To win over a few key Republican votes, a small group of Senators has recommended about $108 billion in cuts from an economic stimulus package that had grown to more than $900 billion. The major construction program casualty is the original Senate stimulus bill's $19.5 billion for school construction funding, which the team of lawmakers deleted.
In all, a team led by Sens. Ben Nelson (D-Neb.) and Susan Collins (R-Maine) trimmed $108 billion from the bill as it was introduced earlier. Cuts in spending accounted for $83 billion of the reductions and $25 billion came from cuts in tax incentives. Senate Democratic leaders have made the slimmed-down stimulus the version they're seeking to pass. Democrats need at least two Republicans to ensure Senate approval, and they are counting on the votes of Collins and Arlen Specter (Pa.), another GOP lawmaker involved in the group that recommended the cutbacks.
By Engineering News-Record’s calculation, the Nelson-Collins reductions in construction programs totaled slightly more than $27 billion, including the $20 billion cut for schools. That leaves about $133 billion in the Senate bill for construction-related spending.

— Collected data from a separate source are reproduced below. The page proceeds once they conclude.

(* Let $z_\delta^{(n)}=h(v_\delta^{(n)})$. There exists a constant $C_{17}>0$ independent of $n\in\mathbb{N}$ and $\delta>0$ such that $$\left|\int_0^T\!\!\int_0^1(\partial_t z_\delta^{(n)})\,\eta\,dx\,dt\right|\le C_{17}|\eta|_{L^2(0,T;X)}\qquad\text{for all }\eta\in L^2(0,T;X).$$
   Context: $Q(T)=(0,T)\times(0,1)$, $H=L^2(0,1)$, $X=H^1(0,1)$, $T>0$. Assume $h\in C^2(\mathbb{R})$ with $\delta_h\le h'\le C_h$, $|h''|\le C_h$; $b\in C^2(\mathbb{R})$ with $\delta_b\le b\le C_b$, $|b'|,|b''|\le C_b$ (positive constants); $p\in L^2(0,T;H)$; $v_0\in H$. Extend $p$ by zero to $\mathbb{R}^2$ and let $\rho_\delta=J^{(2)}_\delta\ast p$ ($J^{(2)}_\delta$ a standard mollifier on $\mathbb{R}^2$). For $n\in\mathbb{N}$ let $\Delta x^{(n)}=1/n$, $\chi_i^{(n)}$ the characteristic function of $[(i-1)\Delta x^{(n)},i\Delta x^{(n)})$, $\rho_{\delta,i}^{(n)}(t)=\frac1{\Delta x^{(n)}}\int_{(i-1)\Delta x^{(n)}}^{i\Delta x^{(n)}}\rho_\delta(t,\xi)d\xi$, $v_{0,i}^{(n)}=\frac1{\Delta x^{(n)}}\int_{(i-1)\Delta x^{(n)}}^{i\Delta x^{(n)}}v_0(\xi)d\xi$. Let $(v_{\delta,1}^{(n)},\dots,v_{\delta,n}^{(n)})$ be the unique $C^1$ solution of (writing $v_i=v_{\delta,i}^{(n)}$, $\rho_i=\rho_{\delta,i}^{(n)}$, $\Delta x=\Delta x^{(n)}$, $a_i=\frac{v_{i+1}-v_i}{\Delta x}+b(\frac{v_i+v_{i+1}}2)\rho_i$, $i=1,\dots,n-1$): $h'(v_1)v_1'=a_1/\Delta x$; $h'(v_i)v_i'=(a_i-a_{i-1})/\Delta x$ for $2\le i\le n-1$; $h'(v_n)v_n'=-a_{n-1}/\Delta x$; $v_i(0)=v_{0,i}^{(n)}$. Set $v_\delta^{(n)}(t,x)=\sum_{i=1}^n\chi_i^{(n)}(x)v_{\delta,i}^{(n)}(t)$ on $Q(T)$. *)

theory Defs
  imports "HOL-Analysis.Analysis"
begin

definition Qset :: "real \<Rightarrow> (real \<times> real) set" where
  "Qset T = {0<..<T} \<times> {0<..<1}"

definition bump :: "real \<times> real \<Rightarrow> real" where
  "bump y = (if norm y < 1 then exp (1 / ((norm y)\<^sup>2 - 1)) else 0)"

definition stdJ :: "real \<times> real \<Rightarrow> real" where
  "stdJ y = bump y / (\<integral>z. bump z \<partial>lborel)"

definition Jdelta :: "real \<Rightarrow> real \<times> real \<Rightarrow> real" where
  "Jdelta \<delta> y = stdJ ((1 / \<delta>) *\<^sub>R y) / \<delta>\<^sup>2"

definition rho_delta :: "real \<Rightarrow> (real \<times> real \<Rightarrow> real) \<Rightarrow> real \<Rightarrow> real \<times> real \<Rightarrow> real" where
  "rho_delta T p \<delta> q = (\<integral>y. Jdelta \<delta> (q - y) * (indicator (Qset T) y * p y) \<partial>lborel)"

definition dx :: "nat \<Rightarrow> real" where
  "dx n = 1 / real n"
(* Let $\Omega$ be the stationary batch sojourn time, whose Laplace transform is $\mathbb{E}(e^{-s\Omega})=\sum_{n\ge0}\sum_{b\ge1}e^*_{n,b}(s)\mathbb{P}(N=n)\mathbb{P}(B=b)$ with $B$ the geometric batch size and $N$ independent of $B$ with $\mathbb{P}(N=0)=1-\frac{\rho}{1-q}$, $\mathbb{P}(N=n)=\left(1-\frac{\rho}{1-q}\right)\rho(\rho+q)^{n-1}$ ($n\ge1$). Then $$\mathbb{E}(\Omega)=\frac{1-\rho-q}{q(q+\rho)}\left(\frac{(1-q)^2(\rho+q)}{\rho+q-q^2}E^{(1)}(q)+\frac{q^3}{(1-q)(\rho+q-q^2)}-\omega\right),$$ where $$\omega=\rho^2\left(\frac{q}{(1-q-\rho)^2}\left(\frac{\rho}{\rho+q}\right)^{\frac{1-q-2\rho}{\rho}}\Omega_1(q)+\Omega_2(q)\right).$$
   Context: Queueing model: an $M^{[X]}/M/1$ processor-sharing queue. Batches arrive according to a Poisson process with rate $\rho>0$; each job requires an exponential service with mean $1$; the unit server capacity is shared equally among all jobs present; all interarrival times, batch sizes and service requirements are independent. Batch sizes are geometric: $\mathbb{P}(B=b)=(1-q)q^{b-1}$, $b\ge1$, with $q\in(0,1)$ and $\rho+q<1$. For $n\ge0,b\ge1$, $\Omega_{n,b}$ is the sojourn time of a tagged batch (from its arrival to the departure of its last job) given $n$ jobs present at its arrival and batch size $b$, and $e^*_{n,b}(s)=\mathbb{E}(e^{-s\Omega_{n,b}})$. Define $E^{(1)}(v)=-\sum_{n\ge0}\sum_{b\ge1}\mathbb{E}(\Omega_{n,b})\,q^n v^b$ (so that $\sum_{n,b}e^*_{n,b}(s)q^nv^b=\frac{v}{(1-q)(1-v)}+sE^{(1)}(v)+o(s)$ as $s\to0$). Define, for $0<v<\rho+q$, $$\Omega_1(v)=\frac{v}{1-q+\rho}F_1\left(\tfrac{1-q+\rho}{\rho},\tfrac{1-q-\rho}{\rho},2,\tfrac{1-q+2\rho}{\rho};\tfrac{v}{q+\rho},v\right)-\frac{(1-v)^{\frac{q-1}{\rho}}}{(1-q)(q+\rho)}\,{}_2F_1\left(\tfrac{1-q}{\rho},\tfrac{1-q-\rho}{\rho},\tfrac{1-q+\rho}{\rho};\tfrac{v(1-q-\rho)}{(1-v)(q+\rho)}\right),$$ $$\Omega_2(v)=\frac{(1-q)(\rho+q)}{\rho^2}v^{\frac{\rho+q-1}{\rho}}(\rho+q-v)^{-\frac{2\rho+q-1}{\rho}}\int_0^v(1-\xi)\,\xi^{\frac{1-2\rho-q}{\rho}}(\rho+q-\xi)^{-\frac{1-q}{\rho}}E^{(1)}(\xi)\,d\xi,$$ where ${}_2F_1(a,b,c;z)$ is the Gauss hypergeometric function and $F_1(\alpha,\beta,\beta',\gamma;x,y)=\sum_{m,n\ge0}\frac{(\alpha)_{m+n}(\beta)_m(\beta')_n}{(\gamma)_{m+n}m!\,n!}x^my^n$ is the Appell function of the first kind ($(a)_k$ the Pochhammer symbol). *)

theory Defs
  imports "HOL-Analysis.Analysis"
begin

But the numbers are by no means final. The revised Senate bill faces an important procedural vote, scheduled for 5:30 on February 9. If the measure survives that test, a vote on final passage would follow, perhaps on February 10. Then a group of House and Senate negotiators would begin meeting to work out differences between the Senate-passed bill and the version that the House approved on January 28. Given all those steps, Democrats may not meet their goal of having a final bill ready for President Obama's signature by February 16.
There was some good news for construction in the slimmed-down Senate package. Several major construction categories escaped reductions altogether, including military and veterans projects, as well as highways, Corps of Engineers, and Environmental Protection Agency clean water and drinking water funds.
Transportation still would receive a total of about $45 billion for highways, transit, airports and passenger rail. Also untouched were EPA's $6 billion for clean water and drinking water state revolving funds the Corps of Engineers' $4.6 billion for civil works projects and the Dept. of Energy's $5.5 billion for environmental cleanup at the government's former nuclear-weapons production facilities.
Dept. of Defense and Dept. of Veterans Affairs construction likewise survived with no reductions.
The list of cuts by Nelson and Collins included the $2.25 billion that the original Senate stimulus measure allocated for public housing "stability and energy efficiency" under the Housing and Urban Development Dept. section.
Among other construction-program reductions are General Services Administration federal buildings, which was sliced by $2 billion, to $7 billion. Of the $2 billion cut, $1.5 billion would come from energy-efficiency upgrades, leaving that "green buildings" category with $4.5 billion.
Other Nelson-Collins cuts include EPA's Superfund account, which was pared by $200 million, to $600 million, and Bureau of Prison's facilities, which was sliced by $200 million, to a total of $800 million.